BAC continues with its development of graphene-infused carbon panels in the car’s structure, and a quoted kerbweight of 570kg gives a power-to-weight ratio of 546bhp per tonne. (The Mono R weighs 555kg without fluids.) Weight distribution is 41 per cent front, 59 per cent rear.
Compared with the original Mono produced in 2011, the new car is claimed to have half as much dive and squat from its double-wishbone pushrod suspension, which features two-way adjustable dampers.
‘Most of the things that have changed on the car are the things that have taken that harsh edge off,’ Ian Briggs says: ‘For example, the suspension geometry, the suspension settings, and the driveability of the engine.’
Despite the aim for increased user-friendliness on the road, the new Mono uses the same six-speed motorsport-sourced sequential transmission as before.
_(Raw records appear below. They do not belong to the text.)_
(* In the setting described in the context, the sequence $\hat\zeta_n:=\sum_{k=0}^{n-1}a(k)\hat M_{k+1}$, $n\ge1$, converges almost surely.
   Context: Setting. $S$ is a compact metric space; $h:\mathbb{R}^d\times S\to\mathbb{R}^d$ is jointly continuous and there is $L>0$ with $\lVert h(x_1,y)-h(x_2,y)\rVert\le L\lVert x_1-x_2\rVert$ for all $x_1,x_2,y$. Step sizes $a(n)>0$ satisfy $\sum_n a(n)=\infty$, $\sum_n a(n)^2<\infty$, $\sup_n a(n)\le1$. On a probability space with filtration $\{\mathcal{F}_n\}$, $\{y_n\}_{n\ge0}$ is an $S$-valued adapted process, $x_0$ is $\mathcal{F}_0$-measurable, $\{M_n\}_{n\ge1}$ is a square-integrable martingale difference sequence ($M_{n+1}$ is $\mathcal{F}_{n+1}$-measurable, $E[M_{n+1}\mid\mathcal{F}_n]=0$) with $E[\lVert M_{n+1}\rVert^2\mid\mathcal{F}_n]\le K(1+\lVert x_n\rVert^2)$ for some constant $K>0$, and $x_{n+1}=x_n+a(n)[h(x_n,y_n)+M_{n+1}]$. Rescaling. Fix $T>0$. Let $t(0)=0$, $t(n)=\sum_{i=0}^{n-1}a(i)$; let $\bar x$ be the piecewise linear interpolation with $\bar x(t(n))=x_n$. Let $T_0=0$, $T_n=\min\{t(m):t(m)\ge T_{n-1}+T\}$, $r(n)=\lVert\bar x(T_n)\rVert\vee1$, and $\hat M_{k+1}=M_{k+1}/r(n)$ when $t(k)\in[T_n,T_{n+1})$. *)

theory Defs
  imports "HOL-Analysis.Analysis" "HOL-Probability.Probability"
begin

definition tseq :: "(nat \<Rightarrow> real) \<Rightarrow> nat \<Rightarrow> real" where
  "tseq a n = (\<Sum>i<n. a i)"

definition xbar :: "(nat \<Rightarrow> real) \<Rightarrow> (nat \<Rightarrow> 'd::real_normed_vector) \<Rightarrow> real \<Rightarrow> 'd" where
  "xbar a x s = (let n = (GREATEST n. tseq a n \<le> s)
                 in x n + ((s - tseq a n) / a n) *\<^sub>R (x (Suc n) - x n))"

primrec Tseq :: "(nat \<Rightarrow> real) \<Rightarrow> real \<Rightarrow> nat \<Rightarrow> real" where
  "Tseq a T 0 = 0"
| "Tseq a T (Suc n) = Inf {tseq a m | m. tseq a m \<ge> Tseq a T n + T}"

definition rfac :: "(nat \<Rightarrow> real) \<Rightarrow> real \<Rightarrow> (nat \<Rightarrow> 'd::real_normed_vector) \<Rightarrow> nat \<Rightarrow> real" where
  "rfac a T x n = max (norm (xbar a x (Tseq a T n))) 1"

definition blk :: "(nat \<Rightarrow> real) \<Rightarrow> real \<Rightarrow> nat \<Rightarrow> nat" where
  "blk a T k = (GREATEST n. Tseq a T n \<le> tseq a k)"

definition Mhat :: "(nat \<Rightarrow> real) \<Rightarrow> real \<Rightarrow> (nat \<Rightarrow> 'd::real_normed_vector) \<Rightarrow> (nat \<Rightarrow> 'd) \<Rightarrow> nat \<Rightarrow> 'd" where
  "Mhat a T x M k = (1 / rfac a T x (blk a T k)) *\<^sub>R M (Suc k)"
  (* Mhat a T x M k stands for hat M_(k+1) *)

definition zeta_hat :: "(nat \<Rightarrow> real) \<Rightarrow> real \<Rightarrow> (nat \<Rightarrow> 'd::real_normed_vector) \<Rightarrow> (nat \<Rightarrow> 'd) \<Rightarrow> nat \<Rightarrow> 'd" where
  "zeta_hat a T x M n = (\<Sum>k<n. a k *\<^sub>R Mhat a T x M k)"

end

theory Submission
  imports Defs
begin

text \<open>Coordinatewise, \<open>zeta_hat\<close> is a sum of real martingale differences
  \<open>a k * (M (k+1) \<bullet> i) / r(n)\<close>, and by Kolmogorov's maximal inequality such a sum converges almost
  surely once the variances are summable. As \<open>\<Sum> a k\<^sup>2 < \<infinity>\<close> it suffices that
  \<open>E \<parallel>M (k+1)\<parallel>\<^sup>2 / r(n)\<^sup>2\<close> stays bounded, and by the conditional variance bound this reduces
  to a uniform bound on \<open>E \<parallel>x k / r(n)\<parallel>\<^sup>2\<close>. The latter holds because each block
  \<open>[T n, T (n+1))\<close> has length at most \<open>T + 1\<close>, the rescaled iterate starts the block in the unit
  ball, and along the block its second moment grows at most by a factor \<open>1 + C a k\<close> per step
  (the drift has linear growth), i.e. by at most \<open>exp (C (T + 1))\<close> overall.\<close>

section \<open>Time grid and blocks\<close>

locale step_sizes =
  fixes a :: "nat \<Rightarrow> real" and T :: real
  assumes a_pos: "\<And>n. a n > 0" and a_div: "\<not> summable a"
    and a_le1: "\<And>n. a n \<le> 1" and T_pos: "T > 0"
begin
Gear ratios can be tailored to owners’ preferences, with each Mono a ‘one-of-one’ custom build. Multiple tyre options are available, including a Pirelli Trofeo R tyre developed specifically for the car, and track-only slick and wet tyres.
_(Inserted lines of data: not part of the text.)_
lemma symp_frame_step:
  assumes A: "pos_def_mat (2*n) A" and B: "pos_def_mat (2*n) B" and comm: "A * Jmat n * B = B * Jmat n * A"
    and b: "symp_frame n m b" "diagonalizing_frame n A m b" "diagonalizing_frame n B m b" and "m < n"
  shows "\<exists>b'. symp_frame n (Suc m) b' \<and> diagonalizing_frame n A (Suc m) b' \<and> diagonalizing_frame n B (Suc m) b'"
proof -
  note Ac = pos_def_matD(1,2)[OF A] and Bc = pos_def_matD(1,2)[OF B]
  have bc: "\<forall>l<2*m. b l \<in> carrier_vec (2*n)" using b(1) unfolding symp_frame_def by simp
  note W = vec_subspace_symp_compl[OF bc]
  have JA: "Jmat n * A \<in> carrier_mat (2*n) (2*n)" and JB: "Jmat n * B \<in> carrier_mat (2*n) (2*n)"
    using Ac Bc by (auto intro: mult_carrier_mat[OF Jmat_carrier])
  have inv: "\<forall>z\<in>symp_compl n m b. (Jmat n * K) *\<^sub>v z \<in> symp_compl n m b"
    if "K \<in> carrier_mat (2*n) (2*n)" "diagonalizing_frame n K m b" for K
    using symp_compl_invariant[OF bc that(1)] that(2) unfolding diagonalizing_frame_def by simp
  obtain z where "z \<in> symp_compl n m b" "z \<noteq> 0\<^sub>v (2*n)" using symp_compl_nonzero[OF bc \<open>m < n\<close>] by blast
  then obtain x y p q p' q'
    where x: "x \<in> symp_compl n m b" and y: "y \<in> symp_compl n m b" and nz: "x \<noteq> 0\<^sub>v (2*n) \<or> y \<noteq> 0\<^sub>v (2*n)"
      and "(Jmat n * A) *\<^sub>v x = p \<cdot>\<^sub>v x + (-q) \<cdot>\<^sub>v y" "(Jmat n * A) *\<^sub>v y = q \<cdot>\<^sub>v x + p \<cdot>\<^sub>v y"
        "(Jmat n * B) *\<^sub>v x = p' \<cdot>\<^sub>v x + (-q') \<cdot>\<^sub>v y" "(Jmat n * B) *\<^sub>v y = q' \<cdot>\<^sub>v x + p' \<cdot>\<^sub>v y"
    using commuting_invariant_plane[OF JA JB commute_Jmat_mult[OF Ac(1) Bc(1) comm] W
        inv[OF Ac(1) b(2)] inv[OF Bc(1) b(3)]] by blast
  moreover have xc: "x \<in> carrier_vec (2*n)" and yc: "y \<in> carrier_vec (2*n)"
    using x y unfolding symp_compl_def by auto
  ultimately have c: "bilin (Jmat n) x y \<noteq> 0" and "adapted_pair n A x y" "adapted_pair n B x y"
    using rotation_pair_adapted[OF A xc yc nz] rotation_pair_adapted[OF B xc yc nz] by auto
  moreover obtain s t where st: "s \<noteq> 0" "t \<noteq> 0" "s * s = t * t" "s * t * bilin (Jmat n) x y = 1"
    using exists_symplectic_scaling[OF c] by blast
  ultimately have "adapted_pair n A (s \<cdot>\<^sub>v x) (t \<cdot>\<^sub>v y)" "adapted_pair n B (s \<cdot>\<^sub>v x) (t \<cdot>\<^sub>v y)"
    using adapted_pair_scale Ac(1) Bc(1) xc yc by auto
  moreover have "s \<cdot>\<^sub>v x \<in> symp_compl n m b" "t \<cdot>\<^sub>v y \<in> symp_compl n m b"
    using W x y unfolding vec_subspace_def by auto
  moreover have "bilin (Jmat n) (s \<cdot>\<^sub>v x) (t \<cdot>\<^sub>v y) = 1"
    using st(4) xc yc by (simp add: bilin_smult_left[OF Jmat_carrier] bilin_smult_right[OF Jmat_carrier] mult_ac)
  ultimately show ?thesis
    using symp_frame_extend[OF b(1)] diagonalizing_frame_extend[OF b(1) Ac b(2)]
      diagonalizing_frame_extend[OF b(1) Bc b(3)] by blast
qed

lemma symp_frame_exists:
  assumes A: "pos_def_mat (2*n) A" and B: "pos_def_mat (2*n) B" and comm: "A * Jmat n * B = B * Jmat n * A"
  shows "m \<le> n \<Longrightarrow> \<exists>b. symp_frame n m b \<and> diagonalizing_frame n A m b \<and> diagonalizing_frame n B m b"
proof (induction m)
  case 0
  show ?case by (simp add: symp_frame_def diagonalizing_frame_def)
next
  case (Suc m)
  then show ?case using symp_frame_step[OF A B comm] by (meson Suc_le_lessD Suc_leD)
qed

definition frame_mat :: "nat \<Rightarrow> (nat \<Rightarrow> real vec) \<Rightarrow> real mat" where
  "frame_mat n b = mat (2*n) (2*n) (\<lambda>(i,j). b j $ i)"

lemma frame_mat_carrier: "frame_mat n b \<in> carrier_mat (2*n) (2*n)"
  unfolding frame_mat_def by simp

lemma frame_mat_congruence_index:
  assumes "symp_frame n n b" "K \<in> carrier_mat (2*n) (2*n)" "i < 2*n" "j < 2*n"
  shows "(transpose_mat (frame_mat n b) * K * frame_mat n b) $$ (i,j) = bilin K (b i) (b j)"
proof -
  have "col (frame_mat n b) k = b k" if "k < 2*n" for k
    using assms(1) that unfolding symp_frame_def frame_mat_def by (intro eq_vecI) auto
  then show ?thesis using congruence_index[OF frame_mat_carrier assms(2-4)] assms(3,4) by simp
qed

lemma symp_frame_symplectic:
  assumes "symp_frame n n b"
  shows "symplectic n (frame_mat n b)"
  unfolding symplectic_def
proof
  show "transpose_mat (frame_mat n b) * Jmat n * frame_mat n b = Jmat n"
  proof (rule eq_matI)
    fix i j assume "i < dim_row (Jmat n)" "j < dim_col (Jmat n)"
    then have i: "i < 2*n" and j: "j < 2*n" by auto
    show "(transpose_mat (frame_mat n b) * Jmat n * frame_mat n b) $$ (i,j) = Jmat n $$ (i,j)"
      unfolding frame_mat_congruence_index[OF assms Jmat_carrier i j] Jmat_index[OF i j]
      using assms i j by (simp add: symp_frame_def)
  qed (use frame_mat_carrier[of n b] in auto)
qed (rule frame_mat_carrier)

lemma symp_frame_nonzero:
  assumes "symp_frame n m b" "i < m"
  shows "b (2*i) \<in> carrier_vec (2*n)" "b (2*i) \<noteq> 0\<^sub>v (2*n)"
proof -
  have bi: "b (2*i) \<in> carrier_vec (2*n)" "b (2*i+1) \<in> carrier_vec (2*n)"
    using assms unfolding symp_frame_def by auto
  have "bilin (Jmat n) (b (2*i)) (b (2*i+1)) = 1"
    using assms unfolding symp_frame_def by (auto simp: J_entry_def)
  then show "b (2*i) \<in> carrier_vec (2*n)" "b (2*i) \<noteq> 0\<^sub>v (2*n)"
    using bi bilin_zero_left[OF Jmat_carrier bi(2)] by auto
qed

lemma diagonalizing_frame_congruence:
  assumes K: "pos_def_mat (2*n) K" and b: "symp_frame n n b" "diagonalizing_frame n K n b"
  defines "D \<equiv> mat_diag n (\<lambda>i. bilin K (b (2*i)) (b (2*i)))"
  shows "transpose_mat (frame_mat n b) * K * frame_mat n b = kron_mat D (1\<^sub>m 2)"
    and "D \<in> carrier_mat n n" "diagonal_mat D" "\<forall>i<n. D $$ (i,i) > 0"
proof -
  note Kc = pos_def_matD(1)[OF K]
  have pair: "bilin K (b i) (b i) = bilin K (b (2*(i div 2))) (b (2*(i div 2)))" if "i < 2*n" for i
  proof (cases "even i")
    case False
    then obtain k where "i = 2*k+1" by (auto elim: oddE)
    then show ?thesis using b(2) that unfolding diagonalizing_frame_def by auto
  qed simp
  show "transpose_mat (frame_mat n b) * K * frame_mat n b = kron_mat D (1\<^sub>m 2)"
    unfolding D_def kron_mat_diag_one
  proof (rule eq_matI)
    fix i j assume "i < dim_row (mat_diag (2*n) (\<lambda>i. bilin K (b (2*(i div 2))) (b (2*(i div 2)))))"
      "j < dim_col (mat_diag (2*n) (\<lambda>i. bilin K (b (2*(i div 2))) (b (2*(i div 2)))))"
    then have i: "i < 2*n" and j: "j < 2*n" by (simp_all add: mat_diag_def)
    show "(transpose_mat (frame_mat n b) * K * frame_mat n b) $$ (i,j)
        = mat_diag (2*n) (\<lambda>i. bilin K (b (2*(i div 2))) (b (2*(i div 2)))) $$ (i,j)"
      unfolding frame_mat_congruence_index[OF b(1) Kc i j] using b(2) i j pair[OF i]
      by (cases "i = j") (simp_all add: mat_diag_def diagonalizing_frame_def)
  qed (use frame_mat_carrier[of n b] in \<open>simp_all add: mat_diag_def\<close>)
  show "D \<in> carrier_mat n n" "diagonal_mat D" unfolding D_def by (auto simp: diagonal_mat_def mat_diag_def)
  show "\<forall>i<n. D $$ (i,i) > 0"
    unfolding D_def using pos_def_matD(3)[OF K] symp_frame_nonzero[OF b(1)] by (simp add: mat_diag_def)
qed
‘A new-generation tyre allows us to better straddle that kind of middle ground [between road and track],’ Ian Briggs tells us. ‘You need to compromise less and less as the technology allows you to deliver both of those things. [And] having centralised low weight, [as opposed to where ordinarily] you’d have to have stiff springs to control a heavy body mass, it becomes easy to have soft, supple suspension for the road. At the same time, it gives you good mechanical and predictable grip when you’re on track. You don’t suffer from body roll; our rear anti roll bar is the length and diameter of my little finger.’
BAC has already taken orders from various countries for the new Mono before its official unveiling, and production has begun at its Liverpool headquarters. The first car is due to be delivered immediately after the Monterey event.
‘We see America as probably our number one market,’ Ian Briggs tells evo. ‘There’s a huge motoring community, especially in the state of California. The car and driving culture here, the weather, obviously; it’s a perfect fit for us.’